第四章 関東邪教大戦 其の二

作者:設楽英一

第四章 関東邪教大戦 其の二

 三か月前。長谷川平蔵は八年務めた火付盗賊改役を、激務を理由に引退していました。
 辻斬り犯に対して「火付盗賊改方長官」を名乗ったのは、相手を怯ませるため。しかし御役御免となった後も、夜廻りをすることが度々あったようです。

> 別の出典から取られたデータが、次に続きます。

(* For the generalized coin-tossing process with $p=\tfrac12$ (fair coins) and OPs of length $m=3$, $\mathbf p=(\tfrac14,\tfrac18,\tfrac18,\tfrac18,\tfrac18,\tfrac14)^\top$ and $$\Sigma=\frac1{64}\begin{pmatrix}20&-2&-2&-2&-2&-12\\-2&5&1&-3&1&-2\\-2&1&5&1&-3&-2\\-2&-3&1&5&1&-2\\-2&1&-3&1&5&-2\\-12&-2&-2&-2&-2&20\end{pmatrix}.$$
   Context: Generalized coin-tossing (GCT) process with parameter $p\in(0,1)$, $q=1-p$: a random strict total order on objects $(X_t)_{t\in\mathbb Z}$ defined from mutually independent Bernoulli variables $\xi_{s,t}$, $s<t$, with $\mathbb P(\xi_{s,t}=1)=p$, recursively in $t-s$: if $t-s=1$, $X_s<X_t$ iff $\xi_{s,t}=1$; if $t-s\ge2$ and there is $r\in(s,t)$ with $X_s<X_r<X_t$ then $X_s<X_t$; if there is $r\in(s,t)$ with $X_s>X_r>X_t$ then $X_s>X_t$; otherwise $X_s<X_t$ iff $\xi_{s,t}=1$. $\Pi_t$ is the permutation in $S_3$ giving the ranks of $(X_t,X_{t+1},X_{t+2})$; OPs in lexicographic order are $\pi_1=(1,2,3)$, $\pi_2=(1,3,2)$, $\pi_3=(2,1,3)$, $\pi_4=(2,3,1)$, $\pi_5=(3,1,2)$, $\pi_6=(3,2,1)$. $p_i=\mathbb P(\Pi_0=\pi_i)$, $p_{ij}(k)=\mathbb P(\Pi_0=\pi_i,\Pi_k=\pi_j)$, $\Sigma=(\sigma_{ij})$ with $\sigma_{ij}=p_i(\delta_{ij}-p_j)+\sum_{k=1}^\infty\big(p_{ij}(k)+p_{ji}(k)-2p_ip_j\big)$. *)

theory Defs
  imports "HOL-Probability.Probability"
begin

text \<open>Generalized coin-tossing (GCT) process. The coins are
  xi (s,t) for s < t (True means xi = 1). gct_lt xi s t (for s < t) says X_s < X_t.\<close>

function gct_lt :: "(nat \<times> nat \<Rightarrow> bool) \<Rightarrow> nat \<Rightarrow> nat \<Rightarrow> bool" where
  "gct_lt xi s t =
     (if t \<le> s then False
      else if t = Suc s then xi (s, t)
      else if (\<exists>r\<in>{s<..<t}. gct_lt xi s r \<and> gct_lt xi r t) then True
      else if (\<exists>r\<in>{s<..<t}. \<not> gct_lt xi s r \<and> \<not> gct_lt xi r t) then False
      else xi (s, t))"
  by pat_completeness auto
termination
  by (relation "Wellfounded.measure (\<lambda>(xi, s, t). t - s)") auto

 町の噂で病死と聞いただけで、詳細がわからないベルフェゴールは、ラファエルに協力を依頼。
 遺体が安置されている本所三之橋通り菊川の長谷川邸の様子を伺うと、火付盗賊改の与力や同心、平蔵を慕う町人らでごった返しており、人の目を盗んで邸宅に入るのは到底無理そうでした。
 そこでラファエルに時を止めてもらい、人混みを掻き分けながら平蔵の遺体の側まで行き、顔伏せの白い布をめくったのです。

「これは病死じゃない。呪い(カース)の類だよ」
 平蔵の死に顔を一目見て、ラファエルが看破するものの、東洋の呪詛には詳しくないためそれ以上のことはわかりません。
「ほいじゃ、あとは本人に聞くのねん」
 そう言ってベルフェゴールは、平蔵の枕元に立つ長谷川平蔵の霊に顔を向けました。

 通常、殺人事件の犯人といえば、名推理や地道な捜査で見つけるものです。
 ところが魔王や天使にとって、死者の霊は同じ世界の住人。
 霊と会話もできるため、火盗改(かとうあらため)時代の平蔵も内々でベルフェゴールに協力を仰ぎ、死者の霊から直接犯人を聞き出すような真似もしてきました。

「てっつぁん、誰にやられたのん?」
「それがまるでわからねェ。気付いたら死んでたってェ有り様だ。苦しむ暇もなかったぜ」
「アンタは呪術で殺されたはずなんだ。死ぬ間際に、何かおかしなものを見たり、妙な呪文を聞いたりしなかったかい?」
「さて、どうだったかな。なにしろ俺ァ、幽霊になったのは初めてなモンで、まだ頭がはっきりしねェんだよ」
「役に立たないユーレイだお」

 平蔵は「本所の(てつ)」と呼ばれ粋がっていた若い頃にベルフェゴールと出逢いましたが、自分が死んでも若い頃と同じようにぞんざいに扱うベルフェゴールの「変わらなさ」を、妙に嬉しく感じていました。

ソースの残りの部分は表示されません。